The fast food sector is geared towards quick, inexpensive meals and includes made-to order sandwiches such as Subway, Mexican food such as Taco Bell, chicken entrees such as Kentucky Fried Chicken and Popeye', pizza such as Domino's and Pizza Hut, the hamburger chains such as Hardee's, McDonalds, and Wendy's, and a variety of others. Both the full service and fast-food segments include locally owned restaurants typically managed by a single individual. Currently, seven out of ten establishments are single-unit (independent) operations with less than twenty employees. Historically, these local restaurants always compete with the national chains by creating menus catering to local tastes and/or building strong personal relationships with local repeat customers.
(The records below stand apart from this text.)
lemma cycle_type_pos: "m \<in># cycle_type S p \<Longrightarrow> 1 \<le> m"
proof -
  assume "m \<in># cycle_type S p"
  then obtain x where "m = card (orbit p x)" unfolding cycle_type_eq_orbits using fS by auto
  then show ?thesis using orbit_finite[of x] orbit_self[of x] by (auto simp: card_gt_0_iff Suc_le_eq)
qed

lemma card_orbit_ge2_iff: "2 \<le> card (orbit p x) \<longleftrightarrow> p x \<noteq> x"
proof
  assume c: "2 \<le> card (orbit p x)"
  show "p x \<noteq> x"
  proof
    assume "p x = x"
    then have "orbit p x = {x}" using orbit_eq_singleton_iff[of p x] by simp
    then show False using c by simp
  qed
next
  assume ne: "p x \<noteq> x"
  have "{x, p x} \<subseteq> orbit p x" using orbit_self orbit.base by auto
  then have "card {x, p x} \<le> card (orbit p x)" using card_mono orbit_finite by blast
  then show "2 \<le> card (orbit p x)" using ne by simp
qed
(* Let $(M,d,\mu)$ be a quasi-$b$-geodesic metric measure space with $\mu$ satisfying $(VD)_{\mathrm{loc}}$ and $(VD)_\infty$. Then there exist $c,\gamma>0$ such that $$\frac{V(x,r)}{V(x,s)}\ge c\left(\frac rs\right)^\gamma$$ for all $x\in M$ and all $b\le s\le r\le\operatorname{diam}(M)$, where $\operatorname{diam}(M)=\sup\{d(x,y):x,y\in M\}$.
   Context: Metric measure space: locally compact metric space with a Radon measure $\mu$ of full support; $B(x,r)=\{y:d(x,y)\le r\}$, $V(x,r)=\mu(B(x,r))$. Quasi-$b$-geodesic: there is $C$ with $d_b\le Cd$, where $d_b(x,y)=\inf\sum_i d(x_i,x_{i+1})$ over sequences $x=x_0,\dots,x_m=y$ with $d(x_i,x_{i+1})\le b$. $(VD)_{\mathrm{loc}}$: for each $r>0$ there is $C_r$ with $V(x,2r)\le C_rV(x,r)$ for all $x$. $(VD)_\infty$: there are $r_0,C>0$ with $V(x,2r)\le CV(x,r)$ for all $x$, $r\ge r_0$. *)

theory Defs
  imports "HOL-Analysis.Analysis"
begin

definition radon_measure :: "'a::metric_space measure \<Rightarrow> bool" where
  "radon_measure \<mu> \<longleftrightarrow>
     sets \<mu> = sets borel \<and>
     (\<forall>K. compact K \<longrightarrow> emeasure \<mu> K < \<infinity>) \<and>
     (\<forall>A \<in> sets borel. emeasure \<mu> A = (INF U \<in> {U. open U \<and> A \<subseteq> U}. emeasure \<mu> U)) \<and>
     (\<forall>U. open U \<longrightarrow> emeasure \<mu> U = (SUP K \<in> {K. compact K \<and> K \<subseteq> U}. emeasure \<mu> K))"

definition full_support :: "'a::metric_space measure \<Rightarrow> bool" where
  "full_support \<mu> \<longleftrightarrow> (\<forall>U. open U \<and> U \<noteq> {} \<longrightarrow> emeasure \<mu> U > 0)"

definition vol :: "'a::metric_space measure \<Rightarrow> 'a \<Rightarrow> real \<Rightarrow> ennreal" where
  "vol \<mu> x r = emeasure \<mu> (cball x r)"

definition b_chain :: "real \<Rightarrow> 'a::metric_space list \<Rightarrow> 'a \<Rightarrow> 'a \<Rightarrow> bool" where
  "b_chain b xs x y \<longleftrightarrow> xs \<noteq> [] \<and> hd xs = x \<and> last xs = y \<and>
     (\<forall>i. Suc i < length xs \<longrightarrow> dist (xs ! i) (xs ! Suc i) \<le> b)"

definition chain_length :: "'a::metric_space list \<Rightarrow> real" where
  "chain_length xs = (\<Sum>i<length xs - 1. dist (xs ! i) (xs ! Suc i))"

text \<open>The b-distance d_b (infimum over b-chains; \<open>\<infinity>\<close> if no chain exists).\<close>
definition dist_b :: "real \<Rightarrow> 'a::metric_space \<Rightarrow> 'a \<Rightarrow> ereal" where
  "dist_b b x y = (INF xs \<in> {xs. b_chain b xs x y}. ereal (chain_length xs))"
lemma subst_lists: "\<forall>b\<in>B. \<tau> b \<in> lists C \<Longrightarrow> u \<in> lists B \<Longrightarrow> subst \<tau> u \<in> lists C"
  by (induction u) auto

lemma length_subst_le: "\<forall>b\<in>B. length (\<tau> b) \<le> M \<Longrightarrow> u \<in> lists B \<Longrightarrow> length (subst \<tau> u) \<le> M * length u"
  by (induction u) auto

lemma subst_rev: "subst (\<lambda>b. rev (\<tau> b)) (rev u) = rev (subst \<tau> u)"
  by (induction u) auto

text \<open>We build an automaton for the padded encoding of \<open>\<tau>(S)\<close>. Its configurations
  consist of a state of the given automaton and two output buffers: it silently reads
  columns of a guessed padded pair \<open>(u, v)\<close>, appends their images to the buffers,
  and reads an input column by removing it from the fronts of the buffers. Because
  the given automaton can always be completed to acceptance within \<open>card Q\<close> further
  columns, the images of prefixes \<open>take i u\<close> and \<open>take i v\<close> differ in length by a bounded
  amount, so bounded buffers suffice and there are finitely many configurations.\<close>

locale subst_automaton =
  fixes B :: "'b set" and C :: "'c set" and S :: "('b list \<times> 'b list) set"
    and \<tau> :: "'b \<Rightarrow> 'c list" and K :: nat
    and Q :: "nat set" and q0 :: nat and \<delta> :: "nat \<Rightarrow> ('b option \<times> 'b option) \<Rightarrow> nat" and F :: "nat set"
  assumes finB: "finite B" and finC: "finite C" and S_lists: "S \<subseteq> lists B \<times> lists B"
    and \<tau>_lists: "\<forall>b\<in>B. \<tau> b \<in> lists C"
    and finQ: "finite Q" and q0Q: "q0 \<in> Q"
    and \<delta>Q: "\<forall>q\<in>Q. \<forall>a\<in>pair_alph B. \<delta> q a \<in> Q"
    and S_lang: "(\<lambda>(u, v). padR u v) ` S = {w \<in> lists (pair_alph B). foldl \<delta> q0 w \<in> F}"
    and length_diff: "\<forall>(u, v)\<in>S. length (subst \<tau> u) \<le> length (subst \<tau> v) + K \<and>
                                   length (subst \<tau> v) \<le> length (subst \<tau> u) + K"
begin

text \<open>\<open>M\<close> bounds the length of the image of a letter, \<open>drift\<close> the length difference of the
  images of prefixes of related words, and \<open>bound\<close> the length of the buffers.\<close>

definition M :: nat where "M = Max (insert 0 ((\<lambda>b. length (\<tau> b)) ` B))"
definition drift :: nat where "drift = K + card Q * M"
definition bound :: nat where "bound = drift + M"

lemma length_\<tau>_le: "\<forall>b\<in>B. length (\<tau> b) \<le> M"
  unfolding M_def using finB by (auto intro: Max_ge)

lemma length_subst_opt: "a \<in> insert None (Some ` B) \<Longrightarrow> length (subst \<tau> (opt_list a)) \<le> M"
  using length_\<tau>_le by auto

lemma padR_in_S_lang: "(u, v) \<in> S \<Longrightarrow> padR u v \<in> lists (pair_alph B) \<and> foldl \<delta> q0 (padR u v) \<in> F"
  using S_lang by (metis (no_types, lifting) case_prod_conv image_eqI mem_Collect_eq)

lemma short_completion:
  assumes "(u, v) \<in> S"
  obtains a b where "(take i u @ a, take i v @ b) \<in> S" "a \<in> lists B" "b \<in> lists B"
    "length a \<le> card Q" "length b \<le> card Q"
proof -
  define z where "z = padR u v"
  have zl: "z \<in> lists (pair_alph B)" and zF: "foldl \<delta> q0 z \<in> F"
    using padR_in_S_lang[OF assms] z_def by auto
  define s where "s = foldl \<delta> q0 (take i z)"
  have lists_take_drop: "take i z \<in> lists (pair_alph B)" "drop i z \<in> lists (pair_alph B)"
    using zl by (auto dest: in_set_takeD in_set_dropD)
  have "s \<in> Q" unfolding s_def using foldl_closed[OF q0Q \<delta>Q lists_take_drop(1)] .
  moreover have "foldl \<delta> s (drop i z) \<in> F" unfolding s_def using zF by (simp flip: foldl_append)
  ultimately obtain z' where z': "z' \<in> lists (pair_alph B)" "length z' \<le> card Q" "foldl \<delta> s z' \<in> F"
    using short_accepted_word[OF finQ _ \<delta>Q lists_take_drop(2)] by blast
  have "take i z @ z' \<in> (\<lambda>(u, v). padR u v) ` S"
    unfolding S_lang using lists_take_drop z' by (simp add: s_def)
  then obtain u' v' where uv': "(u', v') \<in> S" "padR u' v' = padR (take i u) (take i v) @ z'"
    unfolding z_def take_padR by auto
  have "u' = take i u @ strip (map fst z')" "v' = take i v @ strip (map snd z')"
    using arg_cong[OF uv'(2), of "\<lambda>w. strip (map fst w)"] arg_cong[OF uv'(2), of "\<lambda>w. strip (map snd w)"]
    by simp_all
  moreover have "strip (map fst z') \<in> lists B" "strip (map snd z') \<in> lists B"
    using strip_lists[of "map fst z'" B] strip_lists[of "map snd z'" B] pair_alph_components[OF z'(1)]
    by blast+
  moreover have "length (strip (map fst z')) \<le> card Q" "length (strip (map snd z')) \<le> card Q"
    using length_strip[of "map fst z'"] length_strip[of "map snd z'"] z'(2) by auto
  ultimately show thesis using that uv'(1) by metis
qed

lemma prefix_drift:
  assumes "(u, v) \<in> S"
  shows "length (subst \<tau> (take i u)) \<le> length (subst \<tau> (take i v)) + drift \<and>
         length (subst \<tau> (take i v)) \<le> length (subst \<tau> (take i u)) + drift"
proof -
  obtain a b where ab: "(take i u @ a, take i v @ b) \<in> S" "a \<in> lists B" "b \<in> lists B"
    "length a \<le> card Q" "length b \<le> card Q"
    using short_completion[OF assms] .
  have "length (subst \<tau> a) \<le> card Q * M" "length (subst \<tau> b) \<le> card Q * M"
    using length_subst_le[OF length_\<tau>_le ab(2)] length_subst_le[OF length_\<tau>_le ab(3)] ab(4,5)
    by (metis le_trans mult.commute mult_le_mono2)+
  then show ?thesis using length_diff ab(1) unfolding drift_def by fastforce
qed

definition configs :: "(nat \<times> 'c list \<times> 'c list) set" where
  "configs = Q \<times> {l. set l \<subseteq> C \<and> length l \<le> bound} \<times> {l. set l \<subseteq> C \<and> length l \<le> bound}"

lemma finite_configs: "finite configs"
  unfolding configs_def using finQ finite_lists_length_le[OF finC] by simp

definition consume :: "nat \<times> 'c list \<times> 'c list \<Rightarrow> ('b option \<times> 'b option) \<Rightarrow> nat \<times> 'c list \<times> 'c list" where
  "consume c \<beta> = (case c of (q, p1, p2) \<Rightarrow>
     (\<delta> q \<beta>, p1 @ subst \<tau> (opt_list (fst \<beta>)), p2 @ subst \<tau> (opt_list (snd \<beta>))))"

definition silent :: "((nat \<times> 'c list \<times> 'c list) \<times> (nat \<times> 'c list \<times> 'c list)) set" where
  "silent = {(c, consume c \<beta>) | c \<beta>. \<beta> \<in> pair_alph B \<and> c \<in> configs \<and> consume c \<beta> \<in> configs}"

lemma silent_intro: "\<beta> \<in> pair_alph B \<Longrightarrow> c \<in> configs \<Longrightarrow> consume c \<beta> \<in> configs \<Longrightarrow> (c, consume c \<beta>) \<in> silent"
  unfolding silent_def by blast

definition emit :: "('c option \<times> 'c option) \<Rightarrow> nat \<times> 'c list \<times> 'c list \<Rightarrow> (nat \<times> 'c list \<times> 'c list) set" where
  "emit col c = (case c of (q, p1, p2) \<Rightarrow>
     {(q, p1', p2') | p1' p2'. opt_list (fst col) @ p1' = p1 \<and> opt_list (snd col) @ p2' = p2})"

definition trans :: "nat \<times> 'c list \<times> 'c list \<Rightarrow> ('c option \<times> 'c option) \<Rightarrow> (nat \<times> 'c list \<times> 'c list) set" where
  "trans c col = {c2. \<exists>c1. (c, c1) \<in> silent\<^sup>* \<and> c2 \<in> emit col c1}"

definition accepting :: "(nat \<times> 'c list \<times> 'c list) set" where
  "accepting = {c. \<exists>q\<in>F. (c, (q, [], [])) \<in> silent\<^sup>*}"

lemma trans_configs: "c \<in> configs \<Longrightarrow> trans c col \<subseteq> configs"
proof -
  have "(c, c1) \<in> silent\<^sup>* \<Longrightarrow> c \<in> configs \<Longrightarrow> c1 \<in> configs" for c c1
    by (induction rule: rtrancl_induct) (auto simp: silent_def)
  moreover have "c2 \<in> emit col c1 \<Longrightarrow> c1 \<in> configs \<Longrightarrow> c2 \<in> configs" for c1 c2
    unfolding emit_def configs_def by auto
  ultimately show "c \<in> configs \<Longrightarrow> trans c col \<subseteq> configs" unfolding trans_def by blast
qed

lemma silent_run:
  assumes "(c, c1) \<in> silent\<^sup>*"
  shows "\<exists>z\<in>lists (pair_alph B). c1 = (foldl \<delta> (fst c) z, fst (snd c) @ subst \<tau> (strip (map fst z)),
           snd (snd c) @ subst \<tau> (strip (map snd z)))"
  using assms
proof (induction rule: rtrancl_induct)
  case base
  then show ?case by (intro bexI[of _ "[]"]) (auto simp: prod_eq_iff)
next
  case (step c1 c2)
  then obtain z where "z \<in> lists (pair_alph B)" "c1 = (foldl \<delta> (fst c) z,
      fst (snd c) @ subst \<tau> (strip (map fst z)), snd (snd c) @ subst \<tau> (strip (map snd z)))" by blast
  moreover obtain \<beta> where "\<beta> \<in> pair_alph B" "c2 = consume c1 \<beta>" using step(2) unfolding silent_def by blast
  ultimately show ?case by (intro bexI[of _ "z @ [\<beta>]"]) (auto simp: consume_def)
qed

lemma accepts_sound:
  assumes "accepts trans accepting (q, p1, p2) w"
  shows "\<exists>z\<in>lists (pair_alph B). foldl \<delta> q z \<in> F \<and>
    strip (map fst w) = p1 @ subst \<tau> (strip (map fst z)) \<and> strip (map snd w) = p2 @ subst \<tau> (strip (map snd z))"
  using assms
proof (induction w arbitrary: q p1 p2)
  case Nil
  then obtain q' where "q' \<in> F" "((q, p1, p2), (q', [], [])) \<in> silent\<^sup>*" by (auto simp: accepting_def)
  then show ?case using silent_run by fastforce
next
  case (Cons col w)
  then obtain c2 where "c2 \<in> trans (q, p1, p2) col" and acc_c2: "accepts trans accepting c2 w" by auto
  then obtain c1 where c: "((q, p1, p2), c1) \<in> silent\<^sup>*" "c2 \<in> emit col c1"
    unfolding trans_def by blast
  then obtain z1 where z1: "z1 \<in> lists (pair_alph B)" "c1 = (foldl \<delta> q z1,
      p1 @ subst \<tau> (strip (map fst z1)), p2 @ subst \<tau> (strip (map snd z1)))"
    using silent_run by fastforce
  then obtain p1' p2' where p': "c2 = (foldl \<delta> q z1, p1', p2')"
    "opt_list (fst col) @ p1' = p1 @ subst \<tau> (strip (map fst z1))"
    "opt_list (snd col) @ p2' = p2 @ subst \<tau> (strip (map snd z1))"
    using c(2) unfolding emit_def by auto
  obtain z2 where "z2 \<in> lists (pair_alph B)" "foldl \<delta> (foldl \<delta> q z1) z2 \<in> F"
    "strip (map fst w) = p1' @ subst \<tau> (strip (map fst z2))"
    "strip (map snd w) = p2' @ subst \<tau> (strip (map snd z2))"
    using Cons.IH acc_c2 p'(1) by blast
  then show ?case using z1 p' by (intro bexI[of _ "z1 @ z2"]) auto
qed

lemma silent_accepts: "(c, c') \<in> silent \<Longrightarrow> accepts trans accepting c' w \<Longrightarrow> accepts trans accepting c w"
proof (cases w)
  case Nil
  assume "(c, c') \<in> silent" "accepts trans accepting c' w"
  then show ?thesis using Nil unfolding accepting_def by (auto intro: converse_rtrancl_into_rtrancl)
next
  case (Cons col w')
  assume "(c, c') \<in> silent" "accepts trans accepting c' w"
  moreover have "trans c' col \<subseteq> trans c col"
    unfolding trans_def using \<open>(c, c') \<in> silent\<close> by (auto intro: converse_rtrancl_into_rtrancl)
  ultimately show ?thesis using Cons by auto
qed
Because the restaurant market is mature and annual industry sales growth is relatively small at about 4.5%, it is increasingly difficult to earn above average returns. Economic downturns tend to impact fast food as well as full service restaurants as indicated by the posted 2002 growth rate of 4.1% compared to 4.8% for full service. In 2000, the average check per customer at fast food was $3.71. Whereas, the average per person price for a meal at a full service restaurant is from $9.96 for casual dining to $24.59 for upscale. The total market for dining away from home in 2000 was over $241.7 billion. As projected for 2003 by the National Restaurant Association, the full-service sales should reach $153.2 billion and the quickservice revenue should exceed $120.9 billion.

Although in 2002, the average U.S. household spent $2,137 at restaurants annually, consumers become more price sensitive during economic downturns. The way households divide their purchases between the full service and fast food segments may change, making fast food restaurants viable, less expensive substitutes. Or, the reduced discretionary income may cut into the customer counts--especially for fast food restaurants. Currently, both dynamics of consumer behavior are impacting the industry, but full service restaurants have a slight advantage in terms of gross sales and profitability. In 2002, full service restaurants average $650,000 per restaurant while fast food restaurants average a little less at $585,000. Also, full service restaurants posted an average pretax income of 6% versus 5% for the fast food segment.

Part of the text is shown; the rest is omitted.